• Your goal:
Looking at the listing below, retype exactly the lines starting at the one containing "n_pos by simp" and ending at the one containing "linext (\<lambda>u. scaleC", both included, and nothing else.
- Opening Delimiter -
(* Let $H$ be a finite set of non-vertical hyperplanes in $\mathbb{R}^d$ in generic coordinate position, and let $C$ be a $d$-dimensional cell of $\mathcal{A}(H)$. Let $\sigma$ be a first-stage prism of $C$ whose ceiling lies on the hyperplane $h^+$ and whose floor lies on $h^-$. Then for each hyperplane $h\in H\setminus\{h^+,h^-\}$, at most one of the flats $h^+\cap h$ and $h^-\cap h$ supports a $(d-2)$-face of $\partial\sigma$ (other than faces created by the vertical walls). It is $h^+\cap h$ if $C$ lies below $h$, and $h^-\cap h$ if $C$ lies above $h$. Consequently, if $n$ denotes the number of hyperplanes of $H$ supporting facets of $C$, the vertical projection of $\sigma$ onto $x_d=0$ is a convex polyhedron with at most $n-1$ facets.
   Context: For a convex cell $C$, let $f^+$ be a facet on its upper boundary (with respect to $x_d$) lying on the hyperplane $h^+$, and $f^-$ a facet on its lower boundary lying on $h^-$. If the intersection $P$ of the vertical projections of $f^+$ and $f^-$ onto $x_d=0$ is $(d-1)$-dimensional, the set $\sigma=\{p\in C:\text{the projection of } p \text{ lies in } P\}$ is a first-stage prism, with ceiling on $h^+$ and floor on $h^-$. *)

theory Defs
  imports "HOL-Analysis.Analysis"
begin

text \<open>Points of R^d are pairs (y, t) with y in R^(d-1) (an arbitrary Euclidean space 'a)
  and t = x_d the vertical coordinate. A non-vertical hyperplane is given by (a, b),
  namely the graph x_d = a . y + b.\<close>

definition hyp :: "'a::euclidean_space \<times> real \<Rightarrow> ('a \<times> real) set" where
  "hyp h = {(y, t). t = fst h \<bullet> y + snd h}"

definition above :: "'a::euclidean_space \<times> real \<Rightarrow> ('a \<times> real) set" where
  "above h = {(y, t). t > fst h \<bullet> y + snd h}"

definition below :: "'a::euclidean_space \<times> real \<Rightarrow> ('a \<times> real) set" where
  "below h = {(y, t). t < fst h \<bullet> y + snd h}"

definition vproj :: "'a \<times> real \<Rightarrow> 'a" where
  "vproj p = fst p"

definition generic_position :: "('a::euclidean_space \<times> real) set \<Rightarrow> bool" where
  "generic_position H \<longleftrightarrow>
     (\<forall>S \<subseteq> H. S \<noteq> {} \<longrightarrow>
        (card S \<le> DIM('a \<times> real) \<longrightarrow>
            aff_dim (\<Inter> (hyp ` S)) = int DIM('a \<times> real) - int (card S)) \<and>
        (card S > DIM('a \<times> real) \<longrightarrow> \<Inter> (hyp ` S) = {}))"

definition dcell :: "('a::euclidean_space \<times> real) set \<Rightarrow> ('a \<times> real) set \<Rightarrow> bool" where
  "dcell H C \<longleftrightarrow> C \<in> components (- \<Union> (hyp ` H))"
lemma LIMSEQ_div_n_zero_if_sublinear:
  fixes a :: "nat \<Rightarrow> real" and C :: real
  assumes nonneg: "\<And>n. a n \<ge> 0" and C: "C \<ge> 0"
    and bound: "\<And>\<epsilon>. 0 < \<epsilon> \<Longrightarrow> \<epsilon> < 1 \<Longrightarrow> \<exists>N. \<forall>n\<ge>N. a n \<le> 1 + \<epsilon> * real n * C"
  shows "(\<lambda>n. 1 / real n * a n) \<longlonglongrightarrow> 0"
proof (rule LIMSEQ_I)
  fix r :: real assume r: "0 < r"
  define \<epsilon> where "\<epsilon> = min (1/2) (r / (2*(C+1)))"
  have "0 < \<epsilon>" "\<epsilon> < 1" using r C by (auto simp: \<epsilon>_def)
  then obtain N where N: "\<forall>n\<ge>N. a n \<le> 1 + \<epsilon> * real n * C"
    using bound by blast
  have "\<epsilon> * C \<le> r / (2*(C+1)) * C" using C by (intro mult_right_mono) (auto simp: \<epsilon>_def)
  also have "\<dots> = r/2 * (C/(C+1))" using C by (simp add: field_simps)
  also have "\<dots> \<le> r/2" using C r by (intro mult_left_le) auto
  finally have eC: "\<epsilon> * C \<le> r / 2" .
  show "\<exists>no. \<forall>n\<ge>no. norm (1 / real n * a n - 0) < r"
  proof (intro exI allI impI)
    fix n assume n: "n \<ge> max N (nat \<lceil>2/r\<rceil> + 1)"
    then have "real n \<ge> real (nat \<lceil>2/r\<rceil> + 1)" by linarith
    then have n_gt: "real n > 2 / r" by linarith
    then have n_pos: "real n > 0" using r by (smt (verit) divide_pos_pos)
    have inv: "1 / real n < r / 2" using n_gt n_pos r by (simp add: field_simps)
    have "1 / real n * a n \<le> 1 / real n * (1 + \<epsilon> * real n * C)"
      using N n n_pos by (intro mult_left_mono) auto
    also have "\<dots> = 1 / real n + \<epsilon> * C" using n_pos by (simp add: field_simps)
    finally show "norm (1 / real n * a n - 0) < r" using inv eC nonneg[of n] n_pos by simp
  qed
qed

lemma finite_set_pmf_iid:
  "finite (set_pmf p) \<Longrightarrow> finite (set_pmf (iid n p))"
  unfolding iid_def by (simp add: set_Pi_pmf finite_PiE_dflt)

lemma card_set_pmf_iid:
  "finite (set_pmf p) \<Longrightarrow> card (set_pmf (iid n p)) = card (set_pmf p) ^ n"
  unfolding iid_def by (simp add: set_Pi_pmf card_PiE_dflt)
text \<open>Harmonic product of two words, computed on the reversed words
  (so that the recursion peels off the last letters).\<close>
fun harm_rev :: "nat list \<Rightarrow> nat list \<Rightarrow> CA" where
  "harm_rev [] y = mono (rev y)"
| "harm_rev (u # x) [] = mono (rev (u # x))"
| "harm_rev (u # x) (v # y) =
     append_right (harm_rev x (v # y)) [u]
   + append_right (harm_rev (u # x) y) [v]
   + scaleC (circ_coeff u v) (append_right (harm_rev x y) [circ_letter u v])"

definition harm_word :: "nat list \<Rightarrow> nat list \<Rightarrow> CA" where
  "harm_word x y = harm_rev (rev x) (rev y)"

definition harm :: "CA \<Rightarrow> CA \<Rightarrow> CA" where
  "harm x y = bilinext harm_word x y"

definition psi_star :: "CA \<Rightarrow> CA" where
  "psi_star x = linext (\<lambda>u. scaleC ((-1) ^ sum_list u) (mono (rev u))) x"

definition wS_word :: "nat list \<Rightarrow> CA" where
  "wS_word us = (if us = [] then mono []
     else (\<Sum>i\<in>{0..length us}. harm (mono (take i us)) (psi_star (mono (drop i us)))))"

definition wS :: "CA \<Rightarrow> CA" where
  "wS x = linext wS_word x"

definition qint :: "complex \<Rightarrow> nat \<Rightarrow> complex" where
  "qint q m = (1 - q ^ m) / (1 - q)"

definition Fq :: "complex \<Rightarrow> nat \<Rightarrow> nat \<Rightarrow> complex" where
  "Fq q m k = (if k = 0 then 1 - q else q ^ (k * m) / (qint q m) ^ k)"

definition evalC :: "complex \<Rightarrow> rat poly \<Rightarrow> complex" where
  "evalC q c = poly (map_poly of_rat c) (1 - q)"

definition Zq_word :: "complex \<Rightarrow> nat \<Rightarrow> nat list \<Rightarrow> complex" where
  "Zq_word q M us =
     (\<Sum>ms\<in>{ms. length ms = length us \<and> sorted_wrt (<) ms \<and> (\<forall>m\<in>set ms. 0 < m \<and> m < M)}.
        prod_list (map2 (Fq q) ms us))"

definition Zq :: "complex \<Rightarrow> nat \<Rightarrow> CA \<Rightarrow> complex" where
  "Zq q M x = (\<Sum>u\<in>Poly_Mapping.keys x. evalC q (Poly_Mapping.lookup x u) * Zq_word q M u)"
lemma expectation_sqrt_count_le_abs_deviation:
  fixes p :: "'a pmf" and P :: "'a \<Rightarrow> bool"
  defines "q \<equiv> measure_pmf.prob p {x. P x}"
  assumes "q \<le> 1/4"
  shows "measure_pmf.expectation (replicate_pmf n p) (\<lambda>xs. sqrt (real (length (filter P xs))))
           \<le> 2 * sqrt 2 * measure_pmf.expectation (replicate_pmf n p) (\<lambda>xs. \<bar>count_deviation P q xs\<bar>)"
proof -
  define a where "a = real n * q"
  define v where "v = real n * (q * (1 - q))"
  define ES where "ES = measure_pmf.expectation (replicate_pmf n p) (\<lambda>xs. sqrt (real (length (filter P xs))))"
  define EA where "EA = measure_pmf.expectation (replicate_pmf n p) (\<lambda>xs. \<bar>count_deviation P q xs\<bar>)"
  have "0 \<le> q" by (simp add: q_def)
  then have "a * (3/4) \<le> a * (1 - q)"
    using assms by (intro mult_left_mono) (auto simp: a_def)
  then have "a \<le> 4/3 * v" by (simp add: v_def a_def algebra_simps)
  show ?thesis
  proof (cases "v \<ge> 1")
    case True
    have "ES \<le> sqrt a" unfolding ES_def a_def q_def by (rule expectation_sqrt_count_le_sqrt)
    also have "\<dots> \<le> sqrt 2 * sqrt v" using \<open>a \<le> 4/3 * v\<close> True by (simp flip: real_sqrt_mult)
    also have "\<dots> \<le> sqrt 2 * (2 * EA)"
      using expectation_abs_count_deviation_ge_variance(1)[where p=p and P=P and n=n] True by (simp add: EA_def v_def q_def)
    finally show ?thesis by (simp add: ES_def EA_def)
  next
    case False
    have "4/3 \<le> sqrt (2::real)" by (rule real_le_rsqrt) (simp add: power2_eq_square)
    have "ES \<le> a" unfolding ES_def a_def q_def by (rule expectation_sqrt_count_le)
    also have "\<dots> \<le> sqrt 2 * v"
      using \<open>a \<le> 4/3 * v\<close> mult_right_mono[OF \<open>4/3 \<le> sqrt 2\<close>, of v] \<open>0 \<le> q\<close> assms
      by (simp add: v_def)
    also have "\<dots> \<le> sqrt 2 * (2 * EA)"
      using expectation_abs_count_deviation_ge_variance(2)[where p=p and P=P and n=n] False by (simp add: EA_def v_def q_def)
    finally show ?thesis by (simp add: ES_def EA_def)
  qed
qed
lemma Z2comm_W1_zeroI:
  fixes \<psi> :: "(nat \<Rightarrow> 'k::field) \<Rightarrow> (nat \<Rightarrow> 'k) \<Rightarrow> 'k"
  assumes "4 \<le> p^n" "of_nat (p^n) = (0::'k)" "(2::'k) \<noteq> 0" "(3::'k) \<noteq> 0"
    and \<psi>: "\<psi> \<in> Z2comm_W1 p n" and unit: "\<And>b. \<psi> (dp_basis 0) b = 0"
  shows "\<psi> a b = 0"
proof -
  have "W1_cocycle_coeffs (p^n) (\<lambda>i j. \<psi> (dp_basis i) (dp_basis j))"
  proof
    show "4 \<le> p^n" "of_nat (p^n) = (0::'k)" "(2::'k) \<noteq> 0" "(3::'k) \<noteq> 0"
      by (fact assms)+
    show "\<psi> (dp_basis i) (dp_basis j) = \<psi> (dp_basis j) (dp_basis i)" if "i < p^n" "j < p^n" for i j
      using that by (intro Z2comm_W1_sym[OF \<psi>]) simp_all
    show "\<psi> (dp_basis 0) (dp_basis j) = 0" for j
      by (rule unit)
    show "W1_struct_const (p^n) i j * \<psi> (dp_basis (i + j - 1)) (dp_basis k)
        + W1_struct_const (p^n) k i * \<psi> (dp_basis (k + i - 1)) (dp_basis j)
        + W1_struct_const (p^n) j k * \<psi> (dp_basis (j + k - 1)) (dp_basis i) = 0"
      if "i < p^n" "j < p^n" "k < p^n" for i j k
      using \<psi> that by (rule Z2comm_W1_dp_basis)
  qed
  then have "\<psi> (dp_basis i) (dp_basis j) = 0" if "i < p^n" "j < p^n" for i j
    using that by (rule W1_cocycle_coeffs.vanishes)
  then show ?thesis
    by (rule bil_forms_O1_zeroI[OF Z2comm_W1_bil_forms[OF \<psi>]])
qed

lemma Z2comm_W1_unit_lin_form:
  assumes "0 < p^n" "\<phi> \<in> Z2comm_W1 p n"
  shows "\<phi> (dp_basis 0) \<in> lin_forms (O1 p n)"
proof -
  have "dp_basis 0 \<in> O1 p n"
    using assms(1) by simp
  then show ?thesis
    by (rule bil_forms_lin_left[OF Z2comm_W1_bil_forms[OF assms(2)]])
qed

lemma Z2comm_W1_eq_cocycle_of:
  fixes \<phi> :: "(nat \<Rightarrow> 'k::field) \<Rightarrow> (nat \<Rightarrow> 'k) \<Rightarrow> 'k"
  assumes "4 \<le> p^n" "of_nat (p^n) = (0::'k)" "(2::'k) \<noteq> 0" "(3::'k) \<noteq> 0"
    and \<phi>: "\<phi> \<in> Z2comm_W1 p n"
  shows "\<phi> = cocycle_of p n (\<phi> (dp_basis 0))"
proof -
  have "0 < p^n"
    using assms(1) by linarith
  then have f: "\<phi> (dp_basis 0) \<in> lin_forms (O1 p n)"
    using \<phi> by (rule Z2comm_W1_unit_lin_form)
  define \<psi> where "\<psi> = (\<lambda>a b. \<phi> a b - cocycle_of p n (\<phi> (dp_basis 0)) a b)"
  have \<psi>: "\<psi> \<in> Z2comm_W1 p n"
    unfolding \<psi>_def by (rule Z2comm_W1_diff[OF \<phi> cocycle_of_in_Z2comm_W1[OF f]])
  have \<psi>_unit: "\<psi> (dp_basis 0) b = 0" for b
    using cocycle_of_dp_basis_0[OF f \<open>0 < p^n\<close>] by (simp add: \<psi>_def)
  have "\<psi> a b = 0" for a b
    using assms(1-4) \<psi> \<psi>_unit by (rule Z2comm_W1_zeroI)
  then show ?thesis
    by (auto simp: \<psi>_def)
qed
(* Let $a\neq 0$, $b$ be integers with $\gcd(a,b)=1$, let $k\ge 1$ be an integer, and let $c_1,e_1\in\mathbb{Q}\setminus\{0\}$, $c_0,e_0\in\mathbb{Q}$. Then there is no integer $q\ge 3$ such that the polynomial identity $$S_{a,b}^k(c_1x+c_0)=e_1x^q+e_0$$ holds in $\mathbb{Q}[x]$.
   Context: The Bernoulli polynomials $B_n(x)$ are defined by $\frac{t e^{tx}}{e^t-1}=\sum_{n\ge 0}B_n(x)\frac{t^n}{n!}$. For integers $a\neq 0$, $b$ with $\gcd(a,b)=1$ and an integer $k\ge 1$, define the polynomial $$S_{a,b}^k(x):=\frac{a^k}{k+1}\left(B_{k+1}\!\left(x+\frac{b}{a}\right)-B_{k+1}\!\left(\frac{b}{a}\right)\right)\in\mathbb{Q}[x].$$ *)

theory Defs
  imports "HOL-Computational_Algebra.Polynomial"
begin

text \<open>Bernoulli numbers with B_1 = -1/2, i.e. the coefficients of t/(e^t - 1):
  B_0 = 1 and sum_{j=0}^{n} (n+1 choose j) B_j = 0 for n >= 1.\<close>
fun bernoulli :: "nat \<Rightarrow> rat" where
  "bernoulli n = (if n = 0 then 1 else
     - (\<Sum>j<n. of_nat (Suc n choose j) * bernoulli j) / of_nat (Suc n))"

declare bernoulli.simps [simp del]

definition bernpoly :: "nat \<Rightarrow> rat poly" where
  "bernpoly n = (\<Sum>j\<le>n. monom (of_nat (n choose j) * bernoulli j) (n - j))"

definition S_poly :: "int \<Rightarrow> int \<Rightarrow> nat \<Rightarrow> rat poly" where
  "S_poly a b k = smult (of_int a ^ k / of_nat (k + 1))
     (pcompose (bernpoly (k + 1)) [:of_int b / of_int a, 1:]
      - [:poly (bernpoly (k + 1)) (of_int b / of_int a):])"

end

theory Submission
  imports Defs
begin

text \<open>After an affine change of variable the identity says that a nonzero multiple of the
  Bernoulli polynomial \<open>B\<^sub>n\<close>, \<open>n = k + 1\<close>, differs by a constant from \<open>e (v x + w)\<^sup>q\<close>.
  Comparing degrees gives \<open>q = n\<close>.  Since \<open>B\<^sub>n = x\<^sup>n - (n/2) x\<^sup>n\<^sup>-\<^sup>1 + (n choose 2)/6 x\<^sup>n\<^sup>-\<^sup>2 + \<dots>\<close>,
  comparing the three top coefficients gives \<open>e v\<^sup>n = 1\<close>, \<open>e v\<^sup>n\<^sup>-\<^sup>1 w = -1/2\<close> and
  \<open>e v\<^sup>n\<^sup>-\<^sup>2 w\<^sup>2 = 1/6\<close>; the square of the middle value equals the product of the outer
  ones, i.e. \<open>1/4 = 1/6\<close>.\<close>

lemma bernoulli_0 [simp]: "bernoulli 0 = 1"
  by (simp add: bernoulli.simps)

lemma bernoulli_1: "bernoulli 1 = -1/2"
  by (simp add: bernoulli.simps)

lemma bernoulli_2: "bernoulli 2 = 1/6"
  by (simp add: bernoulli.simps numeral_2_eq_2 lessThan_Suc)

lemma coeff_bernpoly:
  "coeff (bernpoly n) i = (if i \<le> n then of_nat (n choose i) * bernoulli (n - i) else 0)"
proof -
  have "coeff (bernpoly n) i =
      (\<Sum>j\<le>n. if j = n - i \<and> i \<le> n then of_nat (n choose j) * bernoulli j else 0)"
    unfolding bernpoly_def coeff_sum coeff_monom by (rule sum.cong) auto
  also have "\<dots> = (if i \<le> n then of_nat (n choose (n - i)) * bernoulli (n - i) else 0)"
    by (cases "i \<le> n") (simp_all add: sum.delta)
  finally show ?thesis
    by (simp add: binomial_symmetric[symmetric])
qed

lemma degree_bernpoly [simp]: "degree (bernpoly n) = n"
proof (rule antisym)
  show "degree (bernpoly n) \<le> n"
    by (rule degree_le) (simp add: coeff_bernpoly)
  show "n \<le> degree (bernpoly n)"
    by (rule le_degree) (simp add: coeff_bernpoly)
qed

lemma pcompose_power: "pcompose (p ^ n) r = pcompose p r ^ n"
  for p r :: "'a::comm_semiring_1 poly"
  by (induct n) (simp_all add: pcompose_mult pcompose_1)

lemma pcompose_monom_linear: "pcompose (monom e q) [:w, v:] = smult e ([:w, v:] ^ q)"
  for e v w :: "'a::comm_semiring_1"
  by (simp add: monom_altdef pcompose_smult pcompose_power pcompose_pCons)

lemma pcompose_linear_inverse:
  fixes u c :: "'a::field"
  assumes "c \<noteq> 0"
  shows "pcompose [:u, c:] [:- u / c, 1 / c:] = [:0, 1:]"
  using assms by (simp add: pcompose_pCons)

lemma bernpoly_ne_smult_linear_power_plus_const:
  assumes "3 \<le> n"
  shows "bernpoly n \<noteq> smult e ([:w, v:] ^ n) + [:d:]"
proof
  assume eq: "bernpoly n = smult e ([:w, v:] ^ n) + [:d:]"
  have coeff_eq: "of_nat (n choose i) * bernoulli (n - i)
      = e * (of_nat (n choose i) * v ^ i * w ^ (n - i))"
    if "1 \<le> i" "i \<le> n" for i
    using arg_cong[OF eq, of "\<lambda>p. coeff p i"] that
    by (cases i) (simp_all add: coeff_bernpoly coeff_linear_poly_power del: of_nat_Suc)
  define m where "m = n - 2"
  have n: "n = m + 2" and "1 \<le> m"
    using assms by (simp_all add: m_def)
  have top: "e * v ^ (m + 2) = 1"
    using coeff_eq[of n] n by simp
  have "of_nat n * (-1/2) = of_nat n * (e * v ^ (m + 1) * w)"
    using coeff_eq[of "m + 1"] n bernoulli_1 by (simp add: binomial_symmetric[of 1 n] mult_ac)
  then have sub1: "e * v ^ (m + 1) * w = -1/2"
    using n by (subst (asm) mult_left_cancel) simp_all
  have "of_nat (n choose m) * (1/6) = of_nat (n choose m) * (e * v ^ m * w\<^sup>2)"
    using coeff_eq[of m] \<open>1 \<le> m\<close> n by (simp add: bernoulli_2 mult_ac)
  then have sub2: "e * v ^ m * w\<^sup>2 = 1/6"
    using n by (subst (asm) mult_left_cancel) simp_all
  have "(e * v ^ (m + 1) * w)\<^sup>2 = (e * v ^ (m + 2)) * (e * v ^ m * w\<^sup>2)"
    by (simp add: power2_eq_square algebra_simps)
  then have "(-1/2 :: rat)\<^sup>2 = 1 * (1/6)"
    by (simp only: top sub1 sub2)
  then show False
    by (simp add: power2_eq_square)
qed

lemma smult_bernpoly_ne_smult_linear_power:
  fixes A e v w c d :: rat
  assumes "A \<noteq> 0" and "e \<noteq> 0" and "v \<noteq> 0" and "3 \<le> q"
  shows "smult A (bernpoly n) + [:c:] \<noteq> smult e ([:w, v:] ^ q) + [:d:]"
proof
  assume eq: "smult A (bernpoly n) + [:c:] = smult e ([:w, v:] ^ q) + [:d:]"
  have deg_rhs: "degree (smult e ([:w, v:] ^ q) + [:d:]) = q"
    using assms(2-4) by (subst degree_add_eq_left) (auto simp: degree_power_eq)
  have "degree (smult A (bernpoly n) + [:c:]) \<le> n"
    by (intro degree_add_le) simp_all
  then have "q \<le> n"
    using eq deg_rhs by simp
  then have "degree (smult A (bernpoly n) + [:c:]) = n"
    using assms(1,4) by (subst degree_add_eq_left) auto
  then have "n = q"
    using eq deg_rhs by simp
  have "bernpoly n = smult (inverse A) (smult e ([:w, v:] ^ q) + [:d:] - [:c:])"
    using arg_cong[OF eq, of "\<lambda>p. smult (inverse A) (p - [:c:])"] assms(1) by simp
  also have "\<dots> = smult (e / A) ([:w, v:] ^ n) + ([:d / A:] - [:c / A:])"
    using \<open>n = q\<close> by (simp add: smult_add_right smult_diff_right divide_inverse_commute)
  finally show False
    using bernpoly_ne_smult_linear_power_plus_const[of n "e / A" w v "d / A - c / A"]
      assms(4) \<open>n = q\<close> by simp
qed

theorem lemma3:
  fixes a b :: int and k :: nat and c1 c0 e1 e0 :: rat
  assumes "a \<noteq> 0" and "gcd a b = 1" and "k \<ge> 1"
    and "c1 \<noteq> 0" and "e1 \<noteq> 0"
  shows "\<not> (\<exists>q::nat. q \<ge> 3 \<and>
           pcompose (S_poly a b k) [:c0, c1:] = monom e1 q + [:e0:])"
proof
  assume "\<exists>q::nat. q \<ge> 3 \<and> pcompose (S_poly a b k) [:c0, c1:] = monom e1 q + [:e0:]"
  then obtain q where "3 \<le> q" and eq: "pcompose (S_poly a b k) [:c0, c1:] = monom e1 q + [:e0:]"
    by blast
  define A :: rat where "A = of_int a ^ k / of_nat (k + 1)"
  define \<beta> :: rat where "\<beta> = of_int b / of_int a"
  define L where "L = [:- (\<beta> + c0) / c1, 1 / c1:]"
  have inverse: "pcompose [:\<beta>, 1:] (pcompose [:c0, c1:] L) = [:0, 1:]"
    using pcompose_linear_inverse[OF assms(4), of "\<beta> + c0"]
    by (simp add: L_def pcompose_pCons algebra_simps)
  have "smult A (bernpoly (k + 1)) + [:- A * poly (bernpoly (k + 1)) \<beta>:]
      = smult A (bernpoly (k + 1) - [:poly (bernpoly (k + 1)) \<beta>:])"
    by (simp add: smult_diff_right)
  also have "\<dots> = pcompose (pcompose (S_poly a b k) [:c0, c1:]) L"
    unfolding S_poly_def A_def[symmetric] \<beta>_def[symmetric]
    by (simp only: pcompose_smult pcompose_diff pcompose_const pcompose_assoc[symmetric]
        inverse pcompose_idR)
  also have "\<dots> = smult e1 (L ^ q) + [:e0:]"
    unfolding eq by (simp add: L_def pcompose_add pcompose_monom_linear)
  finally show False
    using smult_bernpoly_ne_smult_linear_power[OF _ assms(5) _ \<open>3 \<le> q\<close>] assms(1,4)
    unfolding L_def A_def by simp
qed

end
- Closing Delimiter -
• Final answer:
    finally show "norm (1 / real n * a n - 0) < r" using inv eC nonneg[of n] n_pos by simp
  qed
qed

lemma finite_set_pmf_iid:
  "finite (set_pmf p) \<Longrightarrow> finite (set_pmf (iid n p))"
  unfolding iid_def by (simp add: set_Pi_pmf finite_PiE_dflt)

lemma card_set_pmf_iid:
  "finite (set_pmf p) \<Longrightarrow> card (set_pmf (iid n p)) = card (set_pmf p) ^ n"
  unfolding iid_def by (simp add: set_Pi_pmf card_PiE_dflt)
text \<open>Harmonic product of two words, computed on the reversed words
  (so that the recursion peels off the last letters).\<close>
fun harm_rev :: "nat list \<Rightarrow> nat list \<Rightarrow> CA" where
  "harm_rev [] y = mono (rev y)"
| "harm_rev (u # x) [] = mono (rev (u # x))"
| "harm_rev (u # x) (v # y) =
     append_right (harm_rev x (v # y)) [u]
   + append_right (harm_rev (u # x) y) [v]
   + scaleC (circ_coeff u v) (append_right (harm_rev x y) [circ_letter u v])"

definition harm_word :: "nat list \<Rightarrow> nat list \<Rightarrow> CA" where
  "harm_word x y = harm_rev (rev x) (rev y)"

definition harm :: "CA \<Rightarrow> CA \<Rightarrow> CA" where
  "harm x y = bilinext harm_word x y"

definition psi_star :: "CA \<Rightarrow> CA" where
  "psi_star x = linext (\<lambda>u. scaleC ((-1) ^ sum_list u) (mono (rev u))) x"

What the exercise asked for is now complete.